So, whens the next one??

Conrich is 100 % correct, if you can make the rally in your area or any rally, Do it, you will not be sorry.

John

gottta wash the trailer and unpack, is it dirty.


----------



## Campfire Squad

Safely home from the rally as well. I couldn't agree with Dick and John more, what a group of great people!! We had a great time, enjoyed all the wonderfull conversations, and all of the delicious food at the pot luck (especially the desserts)







Rally #2 next weekend?







Hope everyone had a safe trip home.

Here is one picture of what I am sure will be many to come!








This picture is in the Rally gallery. I will be posting more pics in the gallery soon.

David


----------



## HootBob

We also made it home safe and sound.
And Had a great time meeting everyone.
I would say the hardest part was keeping names with handles.
But I think I got it.








We didn't see Jason, however we did see Darth Vader a few times
The little ones were kicking the ***** out of him








ThankYou everyone for the pleasure of meeting you all.
And for the great time.

Dave 
lets wait alittle while, Another next week I'll never want to go back to Work then








Don


----------



## johnp

Home and unpacked. What a great weekend







So when is the next rally?

A great time was had by all.

John


----------



## hatcityhosehauler

Well, as everyone has already stated, we all had a great weekend. As I sit at work now, looking out at the sun, I am wishing I was still hanging out with all of the Outbackers that showed up for the weekend, and hope that those that couldn't make this one will get a chance to make the next one.

I would like to take this opportunity to thank Mike and Chris for spearheading the Potluck dinner planning, and to Thor for picking up my slack with the T-Shirts, and the CD was great too. I'm listening to it as I type this now. I'm sorry if I didn't get a chance to actually meet everyone until this morning, but there's always the next one.

Thank you all for participating, and hope to see some at the Ivy Lea, Ont. rally in Sept.

Tim, Clare, and family


----------



## Ymryl

This weekend was great! It was really terrific meeting all of you and spending time with everyone. I think Thor really deserves a big thank you for the great t-shirts and cd's (and the million glow thingies he handed out to all of the kids!).

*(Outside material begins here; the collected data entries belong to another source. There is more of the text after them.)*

(* Let $G=(V,E)$ be the bipartite graph with $V=\{v_1,\dots,v_{10}\}$ and the 14 edges $\{v_1,v_6\},\{v_1,v_7\},\{v_2,v_6\},\{v_2,v_7\},\{v_2,v_8\},\{v_3,v_7\},\{v_3,v_9\},\{v_3,v_{10}\},\{v_4,v_8\},\{v_4,v_9\},\{v_4,v_{10}\},\{v_5,v_8\},\{v_5,v_9\},\{v_5,v_{10}\}$, and let $R=\{\{v_2,v_7\},\{v_4,v_9\},\{v_5,v_{10}\}\}$. Let $y\in\mathbb{R}^E$ be given by $y_{\{v_1,v_6\}}=\frac23$ and $y_e=\frac13$ for all other $e\in E$. Then $y\in Q_{(G,R)}$.
   Context: For a bipartite graph $G=(V,E)$ with $|V|=2n$ (here $n=5$) and red edges $R$, let $\mathcal{L}_{\mathrm{all}}(G)$ be the set of labelings $L\colon V\to\{0,1\}$ with $|L^{-1}(1)|\equiv n\pmod 2$, and $E_L=\{\{u,v\}\in E\setminus R\colon L(u)=L(v)\}\cup\{\{u,v\}\in R\colon L(u)\ne L(v)\}$. Then $Q_{(G,R)}=\{x\in\mathbb{R}^E_{\ge0}\colon x(\delta(u))=1\ \forall u\in V,\ x(E_L)\ge1\ \forall L\in\mathcal{L}_{\mathrm{all}}(G)\}$, where $\delta(u)$ is the set of edges at $u$ and $x(S)=\sum_{e\in S}x_e$. *)

theory Defs
  imports Complex_Main
begin

text \<open>Graphs: vertex set V, edges E as a set of 2-element vertex sets, red edges R \<subseteq> E.
  Vectors x in R^E are functions on edges (values outside E are irrelevant).\<close>

definition delta :: "'v set set \<Rightarrow> 'v \<Rightarrow> 'v set set" where
  "delta E u = {e \<in> E. u \<in> e}"

definition xsum :: "('v set \<Rightarrow> real) \<Rightarrow> 'v set set \<Rightarrow> real" where
  "xsum x S = (\<Sum>e\<in>S. x e)"

definition labelings_all :: "'v set \<Rightarrow> nat \<Rightarrow> ('v \<Rightarrow> bool) set" where
  "labelings_all V n = {L. card {v \<in> V. L v} mod 2 = n mod 2}"

definition E_L :: "'v set set \<Rightarrow> 'v set set \<Rightarrow> ('v \<Rightarrow> bool) \<Rightarrow> 'v set set" where
  "E_L E R L = {e \<in> E - R. \<exists>u v. e = {u, v} \<and> L u = L v}
             \<union> {e \<in> R. \<exists>u v. e = {u, v} \<and> L u \<noteq> L v}"

definition Q_GR :: "'v set \<Rightarrow> 'v set set \<Rightarrow> 'v set set \<Rightarrow> nat \<Rightarrow> ('v set \<Rightarrow> real) set" where
  "Q_GR V E R n = {x. (\<forall>e\<in>E. x e \<ge> 0)
                      \<and> (\<forall>u\<in>V. xsum x (delta E u) = 1)
                      \<and> (\<forall>L\<in>labelings_all V n. xsum x (E_L E R L) \<ge> 1)}"

definition G19_V :: "nat set" where "G19_V = {1..10}"

definition G19_E :: "nat set set" where
  "G19_E = {{1,6},{1,7},{2,6},{2,7},{2,8},{3,7},{3,9},{3,10},{4,8},{4,9},{4,10},
            {5,8},{5,9},{5,10}}"

definition G19_R :: "nat set set" where
  "G19_R = {{2,7},{4,9},{5,10}}"

definition y19 :: "nat set \<Rightarrow> real" where
  "y19 e = (if e = {1,6} then 2/3 else 1/3)"

end

theory Submission
  imports Defs
begin

text \<open>For the labelling constraints note that a
  perfect matching M satisfies |M \<inter> E_L| \<equiv> |M \<inter> R| (mod 2) whenever |L^-1(1)| \<equiv> n, so matchings
  with an odd number of red edges meet every E_L. But y is no convex combination of those: at
  least 1/3 of its weight lies on matchings through {v1,v6} and {v2,v8}, which must use {v3,v7}
  and so contain 0 or 2 red edges. Hence y(E_L) \<ge> 1 is checked over all 2^10 labellings, after
  writing y(E_L) and |L^-1(1)| as explicit sums.\<close>

lemma mem_E_L_doubleton:
  assumes "a \<noteq> b" "{a, b} \<in> E"
  shows "{a, b} \<in> E_L E R L \<longleftrightarrow> ({a, b} \<in> R \<longleftrightarrow> L a \<noteq> L b)"
  using assms unfolding E_L_def by (auto simp: doubleton_eq_iff)

lemma E_L_subset: "R \<subseteq> E \<Longrightarrow> E_L E R L \<subseteq> E"
  unfolding E_L_def by auto

lemma sum_filter_conv_sum_list:
  fixes g :: "'a \<Rightarrow> 'b::semiring_1"
  assumes "distinct xs"
  shows "(\<Sum>e\<in>{e \<in> set xs. P e}. g e) = (\<Sum>e\<leftarrow>xs. of_bool (P e) * g e)"
  using sum_list_distinct_conv_sum_set[OF assms, of "\<lambda>e. of_bool (P e) * g e"]
  by (simp add: Collect_conj_eq)

definition G19_edge_list :: "nat set list" where
  "G19_edge_list = [{1,6},{1,7},{2,6},{2,7},{2,8},{3,7},{3,9},{3,10},{4,8},{4,9},{4,10},
                    {5,8},{5,9},{5,10}]"

lemma G19_E_eq_edge_list: "G19_E = set G19_edge_list"
  unfolding G19_E_def G19_edge_list_def by simp

lemma distinct_G19_edge_list: "distinct G19_edge_list"
  unfolding G19_edge_list_def by (simp add: doubleton_eq_iff)

lemma G19_R_subset_E: "G19_R \<subseteq> G19_E"
  unfolding G19_R_def G19_E_def by auto

lemma xsum_filter_G19_E:
  "xsum x {e \<in> G19_E. P e} = (\<Sum>e\<leftarrow>G19_edge_list. of_bool (P e) * x e)"
  unfolding xsum_def G19_E_eq_edge_list
  using sum_filter_conv_sum_list[OF distinct_G19_edge_list] .

lemma G19_V_eq_list: "G19_V = set [1,2,3,4,5,6,7,8,9,10]"
proof -
  have upt_eq: "[1..<11] = [1,2,3,4,5,6,7,8,9,10::nat]"
    by (simp add: upt_conv_Cons)
  show ?thesis
    unfolding G19_V_def upt_eq[symmetric] by (simp add: atLeastAtMost_upt del: upt_rec_numeral)
qed

lemma y19_degree:
  assumes "u \<in> G19_V"
  shows "xsum y19 (delta G19_E u) = 1"
proof -
  have "\<forall>u\<in>set [1,2,3,4,5,6,7,8,9,10]. xsum y19 (delta G19_E u) = 1"
    unfolding delta_def xsum_filter_G19_E
    by (simp add: G19_edge_list_def y19_def doubleton_eq_iff)
  then show ?thesis
    using assms G19_V_eq_list by blast
qed

lemma xsum_y19_E_L:
  "xsum y19 (E_L G19_E G19_R L) =
    2/3 * of_bool (L 1 = L 6) + 1/3 * (of_bool (L 1 = L 7) + of_bool (L 2 = L 6)
    + of_bool (L 2 \<noteq> L 7) + of_bool (L 2 = L 8) + of_bool (L 3 = L 7) + of_bool (L 3 = L 9)
    + of_bool (L 3 = L 10) + of_bool (L 4 = L 8) + of_bool (L 4 \<noteq> L 9) + of_bool (L 4 = L 10)
    + of_bool (L 5 = L 8) + of_bool (L 5 = L 9) + of_bool (L 5 \<noteq> L 10))"
proof -
  have "xsum y19 (E_L G19_E G19_R L) = xsum y19 {e \<in> G19_E. e \<in> E_L G19_E G19_R L}"
    using E_L_subset[OF G19_R_subset_E] by (intro arg_cong[where f = "xsum y19"]) blast
  then show ?thesis
    unfolding xsum_filter_G19_E
    by (simp add: G19_edge_list_def mem_E_L_doubleton G19_E_def G19_R_def y19_def doubleton_eq_iff)
qed

lemma card_G19_labelled:
  "card {v \<in> G19_V. L v} = of_bool (L 1) + of_bool (L 2) + of_bool (L 3) + of_bool (L 4)
    + of_bool (L 5) + of_bool (L 6) + of_bool (L 7) + of_bool (L 8) + of_bool (L 9) + of_bool (L 10)"
proof -
  have "card {v \<in> G19_V. L v} = (\<Sum>v\<leftarrow>[1,2,3,4,5,6,7,8,9,10]. of_bool (L v))"
    unfolding card_eq_sum G19_V_eq_list by (subst sum_filter_conv_sum_list) simp_all
  then show ?thesis
    by simp
qed

lemma y19_E_L_ge_1:
  assumes "L \<in> labelings_all G19_V 5"
  shows "xsum y19 (E_L G19_E G19_R L) \<ge> 1"
proof -
  have "card {v \<in> G19_V. L v} mod 2 = 1"
    using assms unfolding labelings_all_def by simp
  then show ?thesis
    unfolding xsum_y19_E_L card_G19_labelled
    by (cases "L 1"; cases "L 2"; cases "L 3"; cases "L 4"; cases "L 5"; cases "L 6";
        cases "L 7"; cases "L 8"; cases "L 9"; cases "L 10"; simp)
qed

theorem lemma19:
  shows "y19 \<in> Q_GR G19_V G19_E G19_R 5"
  unfolding Q_GR_def
  using y19_degree y19_E_L_ge_1 by (auto simp: y19_def)

end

I really would like to thank David and Amy (Campfire squad) for really making the weekend fun for my wife and kids. It's folks like you that really make camping trips memorable. I'm currently in unpacking mode so I'll keep this short, just wanted to postt up a link to the pictures that I took (digital cameras are great aren't they?)

Click Here to view them

Oh, and here's a (larger) group photo...


----------



## Central Mass Outbackers

The rally was great! We really enjoyed meeting everyone, what a great bunch! Thanks again to Thor for the t-shirts (we're stylin' now), and CD (listened on the way home). We put up the Streak Away gutter extensions when we got home, we'll let you know how they work out. It was fun to see so many Outbacks in one place, and to check everyone's mods. Thanks to everybody for the super pot-luck supper on Saturday night.

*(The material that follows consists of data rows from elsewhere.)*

lemma diagonal_convergent_subseq:
  fixes x :: "'j::countable \<Rightarrow> nat \<Rightarrow> ('v, 'e) gpt"
  assumes "\<And>j. j \<in> J \<Longrightarrow> range (x j) \<subseteq> GP"
  shows "\<exists>r. strict_mono r \<and> (\<forall>j\<in>J. \<exists>l. converges_to (x j \<circ> r) l)"
proof -
  define P where "P n s \<longleftrightarrow> (from_nat n \<in> J \<longrightarrow> (\<exists>l. converges_to (x (from_nat n) \<circ> s) l))"
    for n and s :: "nat \<Rightarrow> nat"
  interpret subseqs P
  proof
    fix n and s :: "nat \<Rightarrow> nat"
    show "\<exists>r'. strict_mono r' \<and> P n (s \<circ> r')"
    proof (cases "from_nat n \<in> J")
      case True
      then have "range (x (from_nat n) \<circ> s) \<subseteq> GP" using assms by auto
      then obtain l r' where "strict_mono r'" "converges_to (x (from_nat n) \<circ> s \<circ> r') l"
        using gpoints_seq_compact by blast
      then show ?thesis unfolding P_def by (auto simp: comp_assoc)
    next
      case False
      then show ?thesis unfolding P_def using strict_mono_id by blast
    qed
  qed
  have "\<exists>l. converges_to (x j \<circ> diagseq) l" if j: "j \<in> J" for j
  proof -
    have "P (to_nat j) (diagseq \<circ> (+) (Suc (to_nat j)))"
      by (rule diagseq_holds) (fastforce simp: P_def comp_assoc[symmetric] intro: converges_to_subseq)
    then obtain l where "converges_to (\<lambda>n. (x j \<circ> diagseq) (Suc (to_nat j) + n)) l"
      using j unfolding P_def by (auto simp: o_def)
    moreover have "range (x j \<circ> diagseq) \<subseteq> GP" using assms[OF j] by auto
    ultimately show ?thesis using converges_to_offset by blast
  qed
  then show ?thesis using subseq_diagseq by blast
qed

lemma converges_to_approx:
  assumes "range x \<subseteq> GP" "l \<in> GP"
    and approx: "\<And>\<epsilon>. 0 < \<epsilon> \<Longrightarrow> \<exists>y l'. converges_to y l' \<and> d l' l \<le> \<epsilon> \<and> (\<forall>n. d (x n) (y n) \<le> \<epsilon>)"
  shows "converges_to x l"
proof -
  have "(\<lambda>n. d (x n) l) \<longlonglongrightarrow> 0"
  proof (rule LIMSEQ_I)
    fix \<epsilon> :: real assume "0 < \<epsilon>"
    then obtain y l' where y: "converges_to y l'" "d l' l \<le> \<epsilon> / 3" "\<And>n. d (x n) (y n) \<le> \<epsilon> / 3"
      using approx[of "\<epsilon> / 3"] by auto
    then obtain N where N: "\<And>n. N \<le> n \<Longrightarrow> d (y n) l' < \<epsilon> / 3"
      using order_tendstoD(2)[of _ 0 sequentially "\<epsilon> / 3"] \<open>0 < \<epsilon>\<close>
      unfolding converges_to_def eventually_sequentially by force
    have pts: "x n \<in> GP" "y n \<in> GP" "l' \<in> GP" for n
      using assms(1) y(1) unfolding converges_to_def by auto
    have tri: "d (x n) l \<le> d (x n) (y n) + d (y n) l' + d l' l" for n
      using gdist_triangle[OF pts(1)[of n] pts(2)[of n] assms(2)] gdist_triangle[OF pts(2)[of n] pts(3) assms(2)]
      by linarith
    have "d (x n) l < \<epsilon>" if "N \<le> n" for n
      using tri[of n] y(2) y(3)[of n] N[OF that] by linarith
    moreover have "0 \<le> d (x n) l" for n using gdist_nonneg[OF pts(1) assms(2)] .
    ultimately show "\<exists>N. \<forall>n\<ge>N. norm (d (x n) l - 0) < \<epsilon>" by auto
  qed
  then show ?thesis using assms(1,2) unfolding converges_to_def by blast
qed

lemma lipschitz1_converges_everywhere:
  fixes y :: "nat \<Rightarrow> real \<Rightarrow> ('v, 'e) gpt"
  assumes lip: "\<And>m. lipschitz1_on {0..} (y m)"
    and rat: "\<And>q. 0 \<le> q \<Longrightarrow> \<exists>l. converges_to (\<lambda>m. y m (of_rat q)) l"
    and t: "0 \<le> t"
  shows "\<exists>l. converges_to (\<lambda>m. y m t) l"
proof -
  have pts: "y m u \<in> GP" if "0 \<le> u" for m u
    using lipschitz1_onD[OF lip] that by simp
  have near: "d (y m t) (y m u) \<le> u - t" if "t \<le> u" for m u
    using lipschitz1_onD(2)[OF lip, of t u m] that t by simp
  obtain l r where r: "strict_mono r" and l: "converges_to ((\<lambda>m. y m t) \<circ> r) l"
    using gpoints_seq_compact[of "\<lambda>m. y m t"] pts[OF t] by blast
  \<comment> \<open>Near \<open>t\<close> there is a rational time at which the whole sequence converges.\<close>
  have approx: "\<exists>y' l'. converges_to y' l' \<and> d l' l \<le> \<epsilon> \<and> (\<forall>m. d (y m t) (y' m) \<le> \<epsilon>)"
    if "0 < \<epsilon>" for \<epsilon>
  proof -
    obtain q where q: "t < of_rat q" "of_rat q < t + \<epsilon>"
      using of_rat_dense[of t "t + \<epsilon>"] \<open>0 < \<epsilon>\<close> by auto
    then have "0 \<le> (of_rat q :: real)" using t by linarith
    then have "0 \<le> q" by simp
    then obtain l' where l': "converges_to (\<lambda>m. y m (of_rat q)) l'" using rat by blast
    have "d (y m (of_rat q)) (y m t) \<le> of_rat q - t" for m
      using near[of "of_rat q" m] q(1) by (subst gdist_commute) simp
    then have "d l' l \<le> of_rat q - t"
      using gdist_limit_le[OF converges_to_subseq[OF l' r] l, of "\<lambda>_. of_rat q - t"] by (simp add: o_def)
    moreover have "d (y m t) (y m (of_rat q)) \<le> \<epsilon>" for m
      using near[of "of_rat q" m] q by simp
    ultimately show ?thesis using l' q(2) by (intro exI[of _ "\<lambda>m. y m (of_rat q)"] exI[of _ l']) simp
  qed
  have "range (\<lambda>m. y m t) \<subseteq> GP" "l \<in> GP" using pts[OF t] l unfolding converges_to_def by auto
  from converges_to_approx[OF this approx] show ?thesis by blast
qed

end

locale patrol = metric_graph V E ends A phi
  for V :: "'v set" and E :: "'e set" and ends A phi +
  fixes k :: nat
begin

abbreviation "Strat \<equiv> strategies V E ends A k"
abbreviation "J \<equiv> cost V phi k"
abbreviation "Jopt \<equiv> opt_cost V E ends A phi k"

lemma strategies_iff: "\<pi> \<in> Strat \<longleftrightarrow> (\<forall>i<k. lipschitz1_on {0..} (\<lambda>t. \<pi> t i))"
  unfolding strategies_def lipschitz1_on_def by auto

lemma visit_le_last_visit:
  assumes "0 \<le> b" "b \<le> t" "i < k" "\<pi> b i = Vtx v"
  shows "b \<le> last_visit k \<pi> v t"
  using assms unfolding last_visit_def Let_def
  by (auto intro!: cSup_upper bdd_aboveI[of _ t])

lemma last_visit_nonneg: "0 \<le> last_visit k \<pi> v t"
proof (cases "\<exists>b\<in>{0..t}. \<exists>i<k. \<pi> b i = Vtx v")
  case True
  then obtain b i where "b \<in> {0..t}" "i < k" "\<pi> b i = Vtx v" by blast
  then show ?thesis using visit_le_last_visit[of b t i \<pi> v] by auto
next
  case False
  then have "{s. 0 \<le> s \<and> s \<le> t \<and> (\<exists>i<k. \<pi> s i = Vtx v)} = {}" by auto
  then show ?thesis by (simp add: last_visit_def)
qed

lemma last_visit_le:
  assumes "0 \<le> t"
  shows "last_visit k \<pi> v t \<le> t"
proof -
  define S where "S = {s. 0 \<le> s \<and> s \<le> t \<and> (\<exists>i<k. \<pi> s i = Vtx v)}"
  have "S \<noteq> {} \<Longrightarrow> Sup S \<le> t" by (rule cSup_least) (auto simp: S_def)
  then show ?thesis using assms unfolding last_visit_def Let_def S_def[symmetric] by auto
qed

lemma less_last_visit_iff:
  assumes "0 \<le> a"
  shows "a < last_visit k \<pi> v t \<longleftrightarrow> (\<exists>b\<in>{a<..t}. \<exists>i<k. \<pi> b i = Vtx v)"
proof -
  define S where "S = {s. 0 \<le> s \<and> s \<le> t \<and> (\<exists>i<k. \<pi> s i = Vtx v)}"
  have lv: "last_visit k \<pi> v t = (if S = {} then 0 else Sup S)"
    by (simp only: last_visit_def Let_def S_def)
  have bdd: "bdd_above S" unfolding S_def by (auto intro!: bdd_aboveI[of _ t])
  show ?thesis
  proof
    assume "a < last_visit k \<pi> v t"
    then have "S \<noteq> {}" "a < Sup S" using assms lv by (auto split: if_splits)
    then obtain b where "b \<in> S" "a < b" using less_cSupD by blast
    then show "\<exists>b\<in>{a<..t}. \<exists>i<k. \<pi> b i = Vtx v" by (auto simp: S_def)
  next
    assume "\<exists>b\<in>{a<..t}. \<exists>i<k. \<pi> b i = Vtx v"
    then obtain b where "b \<in> S" "a < b" using assms unfolding S_def by force
    then show "a < last_visit k \<pi> v t" using lv cSup_upper[OF _ bdd] by fastforce
  qed
qed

Looking forward to the next rally weekend!

Dave & Sally


----------



## Thor

1st of all let me say that our family had a great time. We did not know what to expect, meeting a group that we meet on the internet. It was well worth it!!! The kids and had a blast and my wife and I meet some great families...oh yah we had some fun too. My 2 boys are now fans of Star Wars. The trip home was pretty quiet except for a small incident that happened on route #8 heading north were the hwy goes from 1 lane to 2. A car passed me flagging me over like something was wrong. 1st thing I thought...my new bike rack is dragging on the hwy!!!. Pulled over and walked the TT twice, I could not find anything wrong. I would like to thank a fellow Outbacker who pulled over to ensure that we were safe.

Thanks dsrede2go. action

I would like to thank Tim for picking out the Campground and getting the thread started. Chris & Mike for the Potluck effort. It really got us together. Everyone - Thanks for all that food. Simply put...OUTSTANDING!!! Make sure you post the receipes. Campfiresquad - the craft idea for the kids was a fantastic idea. The kids really got a kick out of them.

Stats of my trip.
Round trip - 1116km
Hours on Road - 14hrs- (Engine run time) Travel time about 13hrs
Return trip - Just over 8hrs (inlcuded stop for dinner)
Memories - Priceless

I will post pics once I have a bit more time.

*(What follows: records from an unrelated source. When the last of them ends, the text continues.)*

text \<open>Reversed polynomial Phi_n^*(z) = z^n conj(Phi_n(1/conj z)).\<close>
definition Phi_star :: "real measure \<Rightarrow> real \<Rightarrow> nat \<Rightarrow> complex \<Rightarrow> complex" where
  "Phi_star nu t n z = (\<Sum>k\<le>n. cnj (coeff (Phi nu t n) k) * z ^ (n - k))"

definition alpha :: "real measure \<Rightarrow> real \<Rightarrow> nat \<Rightarrow> complex" where
  "alpha nu t n = - cnj (poly (Phi nu t (Suc n)) 0)"

end

theory Submission
  imports Defs
begin

text \<open>
  Write \<open><p, q>\<^sub>t\<close> for the inner product of \<open>L\<^sup>2(nu\<^sub>t)\<close>. Since the weight
  \<open>exp (t cos theta)\<close> has \<open>t\<close>-derivative \<open>cos theta exp (t cos theta)\<close> and
  \<open>2 cos theta = z + conj z\<close> on the circle, differentiation under the integral gives
  \<open>d/dt <p, q>\<^sub>t = (<z p, q>\<^sub>t + <p, z q>\<^sub>t) / 2\<close>.
  Differentiating the orthogonality relations \<open><Phi\<^sub>n, z\<^sup>k>\<^sub>t = 0\<close>, \<open>k < n\<close>, shows
  that the derivative of the monic polynomial \<open>Phi\<^sub>n\<close>, a polynomial of degree \<open>< n\<close>,
  has the moments \<open>-(<z Phi\<^sub>n, z\<^sup>k>\<^sub>t + <Phi\<^sub>n, z\<^sup>k\<^sup>+\<^sup>1>\<^sub>t) / 2\<close>. These vanish except
  for \<open>k = 0\<close> and \<open>k = n - 1\<close>, and so do the moments of \<open>Phi\<^sub>n\<^sub>-\<^sub>1\<close> and
  \<open>Phi\<^sub>n\<^sub>-\<^sub>1\<^sup>*\<close>; comparing the two remaining moments identifies the derivative, because
  a nontrivial measure determines a polynomial of degree \<open>< n\<close> by its first \<open>n\<close> moments.
  Existence of \<open>Phi\<^sub>n\<close> and the differentiability of its coefficients in \<open>t\<close> come from
  the Szego recursion \<open>Phi\<^sub>n\<^sub>+\<^sub>1 = z Phi\<^sub>n - conj alpha\<^sub>n Phi\<^sub>n\<^sup>*\<close>, where
  \<open>conj alpha\<^sub>n = <z Phi\<^sub>n, 1>\<^sub>t / <Phi\<^sub>n, Phi\<^sub>n>\<^sub>t\<close>.
\<close>

definition bounded_borel :: "(real \<Rightarrow> complex) \<Rightarrow> bool" where
  "bounded_borel f \<longleftrightarrow> f \<in> borel_measurable borel \<and> (\<exists>B. \<forall>x. norm (f x) \<le> B)"

lemma bounded_borel_continuous:
  assumes "continuous_on UNIV f" and "\<And>x. norm (f x) \<le> B"
  shows "bounded_borel f"
  using assms unfolding bounded_borel_def by (auto intro!: borel_measurable_continuous_onI)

Thanks again to everyone who could make it. It really adds to the rally. I cannot wait for the next one









Thor


----------



## HootBob

Thor
1st Glad you had a safe trip home
2st Thankyou for the great Shirts and CD ( wife will not let me play BE Happy)








And thanks for the streak-away, they will be on after work today calling for lots of rain
later this week.
Daughter still talks about you getting the fish off for her








Can't wait till the next one.
Don


----------



## camping479

What a great weekend!!! We had such a great time meeting everyone and getting a chance to chat in person. I kind of felt like I knew everyone already and we were getting together to catch up. Some of you I knew already and some I met for the first time. Had a blast watching all the little ones









Thanks everyone for chipping in for the potluck. All the food was unbelievable, could have kept right on eating all night.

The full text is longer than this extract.